(* Let $G$ and $H$ be graphs, each with at least one vertex, on disjoint vertex sets, and let $S_G$ and $S_H$ be MDNSs of $G$ and $H$, respectively. Then: (1) $\tilde\gamma_{gr}^{\times2}(G+H)=\tilde\gamma_{gr}^{\times2}(G)+\tilde\gamma_{gr}^{\times2}(H)$ and $S_G\oplus S_H$ is an MDNS of $G+H$; (2) $\tilde\gamma_{gr}^{\times2}(G\vee H)=\max\{\tilde\gamma_{gr}^{\times2}(G)+a(G),\tilde\gamma_{gr}^{\times2}(H)+a(H)\}$; moreover: (a) if $\tilde\gamma_{gr}^{\times2}(G)+a(G)\ge\tilde\gamma_{gr}^{\times2}(H)+a(H)$ and $a(G)=0$, then $S_G$ is an MDNS of $G\vee H$; (b) if $\tilde\gamma_{gr}^{\times2}(G)+a(G)\ge\tilde\gamma_{gr}^{\times2}(H)+a(H)$ and $a(G)=1$, then for any $h\in V(H)$, $S_G\oplus(h)$ is an MDNS of $G\vee H$; (c) if $\tilde\gamma_{gr}^{\times2}(G)+a(G)<\tilde\gamma_{gr}^{\times2}(H)+a(H)$ and $a(H)=0$, then $S_H$ is an MDNS of $G\vee H$; (d) if $\tilde\gamma_{gr}^{\times2}(G)+a(G)<\tilde\gamma_{gr}^{\times2}(H)+a(H)$ and $a(H)=1$, then for any $g\in V(G)$, $S_H\oplus(g)$ is an MDNS of $G\vee H$.
   Context: Graphs are finite, simple, undirected; $N[v]$ closed neighborhood. $G+H$ is the disjoint union; $G\vee H$ is the join (disjoint union plus all edges between $V(G)$ and $V(H)$). A sequence of distinct vertices $(v_1,\dots,v_k)$ is a double neighborhood sequence (DNS) if for each $i$ some $w\in N[v_i]$ satisfies $|\{j<i:w\in N[v_j]\}|\le1$; an MDNS is a DNS of maximum length and $\tilde\gamma_{gr}^{\times2}$ is that length. $\oplus$ is concatenation. $a(X)=1$ if $X$ has an isolated vertex, $a(X)=0$ otherwise. *)

theory Defs
  imports Main
begin

definition graph :: "'a set \<Rightarrow> ('a \<Rightarrow> 'a \<Rightarrow> bool) \<Rightarrow> bool" where
  "graph V E \<longleftrightarrow> finite V \<and> (\<forall>u v. E u v \<longrightarrow> u \<in> V \<and> v \<in> V \<and> u \<noteq> v \<and> E v u)"

definition cnbhd :: "'a set \<Rightarrow> ('a \<Rightarrow> 'a \<Rightarrow> bool) \<Rightarrow> 'a \<Rightarrow> 'a set" where
  "cnbhd V E v = {w \<in> V. w = v \<or> E v w}"

text \<open>Double neighborhood sequence (indices 0-based).\<close>
definition is_dns :: "'a set \<Rightarrow> ('a \<Rightarrow> 'a \<Rightarrow> bool) \<Rightarrow> 'a list \<Rightarrow> bool" where
  "is_dns V E xs \<longleftrightarrow> distinct xs \<and> set xs \<subseteq> V \<and>
     (\<forall>i < length xs. \<exists>w \<in> cnbhd V E (xs ! i).
        card {j. j < i \<and> w \<in> cnbhd V E (xs ! j)} \<le> 1)"

definition is_mdns :: "'a set \<Rightarrow> ('a \<Rightarrow> 'a \<Rightarrow> bool) \<Rightarrow> 'a list \<Rightarrow> bool" where
  "is_mdns V E xs \<longleftrightarrow> is_dns V E xs \<and> (\<forall>ys. is_dns V E ys \<longrightarrow> length ys \<le> length xs)"

definition gamma_dns :: "'a set \<Rightarrow> ('a \<Rightarrow> 'a \<Rightarrow> bool) \<Rightarrow> nat" where
  "gamma_dns V E = Max {length xs | xs. is_dns V E xs}"

definition has_isolated :: "'a set \<Rightarrow> ('a \<Rightarrow> 'a \<Rightarrow> bool) \<Rightarrow> nat" where
  "has_isolated V E = (if \<exists>v \<in> V. \<forall>w. \<not> E v w then 1 else 0)"

text \<open>Disjoint union G+H and join G\<or>H (edge relations; vertex set is V1 \<union> V2).\<close>
definition union_edges :: "('a \<Rightarrow> 'a \<Rightarrow> bool) \<Rightarrow> ('a \<Rightarrow> 'a \<Rightarrow> bool) \<Rightarrow> 'a \<Rightarrow> 'a \<Rightarrow> bool" where
  "union_edges E1 E2 u v \<longleftrightarrow> E1 u v \<or> E2 u v"

definition join_edges :: "'a set \<Rightarrow> ('a \<Rightarrow> 'a \<Rightarrow> bool) \<Rightarrow> 'a set \<Rightarrow> ('a \<Rightarrow> 'a \<Rightarrow> bool) \<Rightarrow> 'a \<Rightarrow> 'a \<Rightarrow> bool" where
  "join_edges V1 E1 V2 E2 u v \<longleftrightarrow> E1 u v \<or> E2 u v \<or> (u \<in> V1 \<and> v \<in> V2) \<or> (u \<in> V2 \<and> v \<in> V1)"

end

(*
  V(G) induces G in both G + H and G \<or> H and is a homogeneous set (module) there: every
  vertex outside sees all of V(G) or none of it. Hence a DNS of G is a DNS of G + H and of
  G \<or> H, and conversely the G-vertices of a DNS of G + H or of G \<or> H form, in order, a DNS
  of G: a G-vertex whose witness lies outside V(G) has at most one G-vertex before it, so it
  is its own witness. As DNSs of G and H also concatenate in G + H, this gives (1).

  For G \<or> H, let w, say in V(G), witness the last vertex of a DNS S, so that S covers w at
  most twice. Every H-vertex of S covers w, so if the G-part A of S covers w c times, then S
  has at most 2 - c vertices in H. On the other hand A extends to a DNS of G by 2 - c further
  vertices (w itself while it is uncovered, then w or a neighbour of w), unless w is
  isolated. Hence |S| \<le> gamma(G) + a(G). Conversely, an isolated vertex of G witnesses
  one vertex of H appended to an MDNS of G.
*)
theory Submission
  imports Defs
begin

definition cover_count :: "'a set \<Rightarrow> ('a \<Rightarrow> 'a \<Rightarrow> bool) \<Rightarrow> 'a \<Rightarrow> 'a list \<Rightarrow> nat" where
  "cover_count V E w xs = card {y \<in> set xs. w \<in> cnbhd V E y}"

lemma graph_edgeD:
  assumes "graph V E" and "E u v"
  shows "u \<in> V" and "v \<in> V" and "u \<noteq> v" and "E v u"
  using assms by (auto simp: graph_def)

lemma self_in_cnbhd: "v \<in> V \<Longrightarrow> v \<in> cnbhd V E v"
  by (simp add: cnbhd_def)

lemma card_indices_eq_card_set:
  assumes "distinct xs"
  shows "card {j. j < length xs \<and> P (xs ! j)} = card {y \<in> set xs. P y}"
proof -
  have "card {j. j < length xs \<and> P (xs ! j)} = length (filter P xs)"
    by (simp add: length_filter_conv_card)
  also have "\<dots> = card {y \<in> set xs. P y}"
    using assms by (simp add: distinct_card[symmetric])
  finally show ?thesis .
qed

lemma is_dns_Nil [simp]: "is_dns V E []"
  by (simp add: is_dns_def)

lemma is_dns_snoc:
  "is_dns V E (xs @ [x]) \<longleftrightarrow>
     is_dns V E xs \<and> x \<notin> set xs \<and> x \<in> V \<and> (\<exists>w \<in> cnbhd V E x. cover_count V E w xs \<le> 1)"
proof -
  let ?ok = "\<lambda>ys i. \<exists>w \<in> cnbhd V E (ys ! i). card {j. j < i \<and> w \<in> cnbhd V E (ys ! j)} \<le> 1"
  have prefix: "{j. j < i \<and> w \<in> cnbhd V E ((xs @ [x]) ! j)} = {j. j < i \<and> w \<in> cnbhd V E (xs ! j)}"
    if "i \<le> length xs" for i w
    using that by (auto simp: nth_append)
  have old: "?ok (xs @ [x]) i \<longleftrightarrow> ?ok xs i" if "i < length xs" for i
    using that prefix[of i] by (simp add: nth_append)
  have new: "?ok (xs @ [x]) (length xs) \<longleftrightarrow> (\<exists>w \<in> cnbhd V E x. cover_count V E w xs \<le> 1)"
    if "distinct xs"
  proof -
    have "card {j. j < length xs \<and> w \<in> cnbhd V E (xs ! j)} = cover_count V E w xs" for w
      unfolding cover_count_def by (rule card_indices_eq_card_set[OF that])
    then show ?thesis
      using prefix[of "length xs"] by simp
  qed
  show ?thesis
    unfolding is_dns_def using old new by (auto simp: All_less_Suc)
qed

lemma is_dns_snocI:
  "is_dns V E xs \<Longrightarrow> x \<notin> set xs \<Longrightarrow> x \<in> V \<Longrightarrow> w \<in> cnbhd V E x \<Longrightarrow>
    cover_count V E w xs \<le> 1 \<Longrightarrow> is_dns V E (xs @ [x])"
  unfolding is_dns_snoc by blast

lemma finite_dns_lengths:
  assumes "finite V"
  shows "finite {length xs | xs. is_dns V E xs}"
proof (rule finite_subset)
  show "{length xs | xs. is_dns V E xs} \<subseteq> {..card V}"
    using assms by (auto simp: is_dns_def distinct_card[symmetric] intro: card_mono)
qed simp

lemma length_le_gamma_dns:
  assumes "finite V" and "is_dns V E xs"
  shows "length xs \<le> gamma_dns V E"
  unfolding gamma_dns_def using finite_dns_lengths[OF assms(1)] assms(2) by (auto intro: Max_ge)

lemma gamma_dns_attained:
  assumes "finite V"
  obtains xs where "is_dns V E xs" and "length xs = gamma_dns V E"
proof -
  have "finite {length xs | xs. is_dns V E xs}"
    using finite_dns_lengths[OF assms] .
  moreover have "{length xs | xs. is_dns V E xs} \<noteq> {}"
    using is_dns_Nil by blast
  ultimately have "gamma_dns V E \<in> {length xs | xs. is_dns V E xs}"
    unfolding gamma_dns_def by (rule Max_in)
  then show ?thesis
    using that by auto
qed

lemma is_mdns_iff:
  assumes "finite V"
  shows "is_mdns V E xs \<longleftrightarrow> is_dns V E xs \<and> length xs = gamma_dns V E"
  using length_le_gamma_dns[OF assms] gamma_dns_attained[OF assms, of E]
  unfolding is_mdns_def by (metis le_antisym)

lemma cover_count_mono: "set xs \<subseteq> set ys \<Longrightarrow> cover_count V E w xs \<le> cover_count V E w ys"
  unfolding cover_count_def by (rule card_mono) auto

lemma cover_count_snoc_le: "cover_count V E w (xs @ [x]) \<le> Suc (cover_count V E w xs)"
proof -
  have "{y \<in> set (xs @ [x]). w \<in> cnbhd V E y} \<subseteq> insert x {y \<in> set xs. w \<in> cnbhd V E y}"
    by auto
  then have "cover_count V E w (xs @ [x]) \<le> card (insert x {y \<in> set xs. w \<in> cnbhd V E y})"
    unfolding cover_count_def by (intro card_mono) auto
  also have "\<dots> \<le> Suc (cover_count V E w xs)"
    unfolding cover_count_def by (simp add: card_insert_if)
  finally show ?thesis .
qed

lemma cover_count_pos: "w \<in> set xs \<Longrightarrow> w \<in> V \<Longrightarrow> 0 < cover_count V E w xs"
  unfolding cover_count_def by (auto simp: card_gt_0_iff self_in_cnbhd)

lemma cover_count_filter:
  "cover_count V E w xs = cover_count V E w (filter P xs) + cover_count V E w (filter (\<lambda>y. \<not> P y) xs)"
  unfolding cover_count_def by (subst card_Un_disjoint[symmetric]) (auto intro!: arg_cong[where f = card])

lemma cover_count_eq_length:
  assumes "distinct xs" and "\<forall>y \<in> set xs. w \<in> cnbhd V E y"
  shows "cover_count V E w xs = length xs"
proof -
  have "{y \<in> set xs. w \<in> cnbhd V E y} = set xs"
    using assms(2) by blast
  then show ?thesis
    unfolding cover_count_def using distinct_card[OF assms(1)] by simp
qed

lemma cover_count_isolated_le_1:
  assumes "graph V E" and "\<forall>v. \<not> E u v"
  shows "cover_count V E u xs \<le> 1"
proof -
  have "{y \<in> set xs. u \<in> cnbhd V E y} \<subseteq> {u}"
    using assms by (auto simp: cnbhd_def graph_def)
  then show ?thesis
    unfolding cover_count_def using card_mono[of "{u}"] by fastforce
qed

lemma length_dns_less_gamma_plus_isolated:
  assumes graph: "graph V E" and dns: "is_dns V E xs" and "w \<in> V"
    and cover: "cover_count V E w xs \<le> 1"
  shows "length xs < gamma_dns V E + has_isolated V E"
proof -
  have fin: "finite V"
    using graph by (simp add: graph_def)
  consider "w \<notin> set xs" | w' where "w \<in> set xs" "E w w'" | "\<forall>w'. \<not> E w w'"
    by blast
  then show ?thesis
  proof cases
    case 1
    then have "is_dns V E (xs @ [w])"
      using is_dns_snocI[OF dns _ \<open>w \<in> V\<close> self_in_cnbhd[OF \<open>w \<in> V\<close>] cover] by simp
    then show ?thesis
      using length_le_gamma_dns[OF fin] by fastforce
  next
    case 2
    then have w': "w' \<in> V" "w' \<noteq> w" "w \<in> cnbhd V E w'"
      using graph_edgeD[OF graph 2(2)] \<open>w \<in> V\<close> by (auto simp: cnbhd_def)
    have "w' \<notin> set xs"
    proof
      assume "w' \<in> set xs"
      then have "{w, w'} \<subseteq> {y \<in> set xs. w \<in> cnbhd V E y}"
        using 2 w' \<open>w \<in> V\<close> by (auto simp: cnbhd_def)
      then have "card {w, w'} \<le> cover_count V E w xs"
        unfolding cover_count_def by (intro card_mono) auto
      then show False
        using cover w' by simp
    qed
    then have "is_dns V E (xs @ [w'])"
      using dns w' cover by (intro is_dns_snocI)
    then show ?thesis
      using length_le_gamma_dns[OF fin] by fastforce
  next
    case 3
    then have "has_isolated V E = 1"
      using \<open>w \<in> V\<close> by (auto simp: has_isolated_def)
    then show ?thesis
      using length_le_gamma_dns[OF fin dns] by simp
  qed
qed

lemma length_dns_add_le_gamma_plus_isolated:
  assumes graph: "graph V E" and dns: "is_dns V E xs" and "w \<in> V"
    and slack: "cover_count V E w xs + k \<le> 2"
  shows "length xs + k \<le> gamma_dns V E + has_isolated V E"
proof -
  consider "k = 0" | "k = 1" | "k = 2"
    using slack by linarith
  then show ?thesis
  proof cases
    case 1
    then show ?thesis
      using graph dns length_le_gamma_dns by (fastforce simp: graph_def)
  next
    case 2
    then show ?thesis
      using length_dns_less_gamma_plus_isolated[OF assms(1-3)] slack by simp
  next
    case 3
    then have uncovered: "cover_count V E w xs = 0"
      using slack by simp
    then have "w \<notin> set xs"
      using cover_count_pos[OF _ \<open>w \<in> V\<close>, of xs E] by auto
    then have "is_dns V E (xs @ [w])"
      using is_dns_snocI[OF dns _ \<open>w \<in> V\<close> self_in_cnbhd[OF \<open>w \<in> V\<close>]] uncovered by simp
    moreover have "cover_count V E w (xs @ [w]) \<le> 1"
      using cover_count_snoc_le[of V E w xs w] slack 3 by simp
    ultimately show ?thesis
      using length_dns_less_gamma_plus_isolated[OF graph _ \<open>w \<in> V\<close>] 3 by fastforce
  qed
qed

definition induced_subgraph :: "'a set \<Rightarrow> ('a \<Rightarrow> 'a \<Rightarrow> bool) \<Rightarrow> 'a set \<Rightarrow> ('a \<Rightarrow> 'a \<Rightarrow> bool) \<Rightarrow> bool" where
  "induced_subgraph V1 E1 V E \<longleftrightarrow> V1 \<subseteq> V \<and> (\<forall>u v. E1 u v \<longleftrightarrow> u \<in> V1 \<and> v \<in> V1 \<and> E u v)"

definition homogeneous_set :: "'a set \<Rightarrow> ('a \<Rightarrow> 'a \<Rightarrow> bool) \<Rightarrow> 'a set \<Rightarrow> bool" where
  "homogeneous_set V E M \<longleftrightarrow> (\<forall>w \<in> V - M. (\<forall>v \<in> M. E v w) \<or> (\<forall>v \<in> M. \<not> E v w))"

• _ABOUT THIS EXERCISE_: Set the material down exactly as written, starting at its first line. The line containing "text \<open>Double neighborhood" is the last one to include.

• _WRITTEN SOLUTION_:
(* Let $G$ and $H$ be graphs, each with at least one vertex, on disjoint vertex sets, and let $S_G$ and $S_H$ be MDNSs of $G$ and $H$, respectively. Then: (1) $\tilde\gamma_{gr}^{\times2}(G+H)=\tilde\gamma_{gr}^{\times2}(G)+\tilde\gamma_{gr}^{\times2}(H)$ and $S_G\oplus S_H$ is an MDNS of $G+H$; (2) $\tilde\gamma_{gr}^{\times2}(G\vee H)=\max\{\tilde\gamma_{gr}^{\times2}(G)+a(G),\tilde\gamma_{gr}^{\times2}(H)+a(H)\}$; moreover: (a) if $\tilde\gamma_{gr}^{\times2}(G)+a(G)\ge\tilde\gamma_{gr}^{\times2}(H)+a(H)$ and $a(G)=0$, then $S_G$ is an MDNS of $G\vee H$; (b) if $\tilde\gamma_{gr}^{\times2}(G)+a(G)\ge\tilde\gamma_{gr}^{\times2}(H)+a(H)$ and $a(G)=1$, then for any $h\in V(H)$, $S_G\oplus(h)$ is an MDNS of $G\vee H$; (c) if $\tilde\gamma_{gr}^{\times2}(G)+a(G)<\tilde\gamma_{gr}^{\times2}(H)+a(H)$ and $a(H)=0$, then $S_H$ is an MDNS of $G\vee H$; (d) if $\tilde\gamma_{gr}^{\times2}(G)+a(G)<\tilde\gamma_{gr}^{\times2}(H)+a(H)$ and $a(H)=1$, then for any $g\in V(G)$, $S_H\oplus(g)$ is an MDNS of $G\vee H$.
   Context: Graphs are finite, simple, undirected; $N[v]$ closed neighborhood. $G+H$ is the disjoint union; $G\vee H$ is the join (disjoint union plus all edges between $V(G)$ and $V(H)$). A sequence of distinct vertices $(v_1,\dots,v_k)$ is a double neighborhood sequence (DNS) if for each $i$ some $w\in N[v_i]$ satisfies $|\{j<i:w\in N[v_j]\}|\le1$; an MDNS is a DNS of maximum length and $\tilde\gamma_{gr}^{\times2}$ is that length. $\oplus$ is concatenation. $a(X)=1$ if $X$ has an isolated vertex, $a(X)=0$ otherwise. *)

theory Defs
  imports Main
begin

definition graph :: "'a set \<Rightarrow> ('a \<Rightarrow> 'a \<Rightarrow> bool) \<Rightarrow> bool" where
  "graph V E \<longleftrightarrow> finite V \<and> (\<forall>u v. E u v \<longrightarrow> u \<in> V \<and> v \<in> V \<and> u \<noteq> v \<and> E v u)"

definition cnbhd :: "'a set \<Rightarrow> ('a \<Rightarrow> 'a \<Rightarrow> bool) \<Rightarrow> 'a \<Rightarrow> 'a set" where
  "cnbhd V E v = {w \<in> V. w = v \<or> E v w}"

text \<open>Double neighborhood sequence (indices 0-based).\<close>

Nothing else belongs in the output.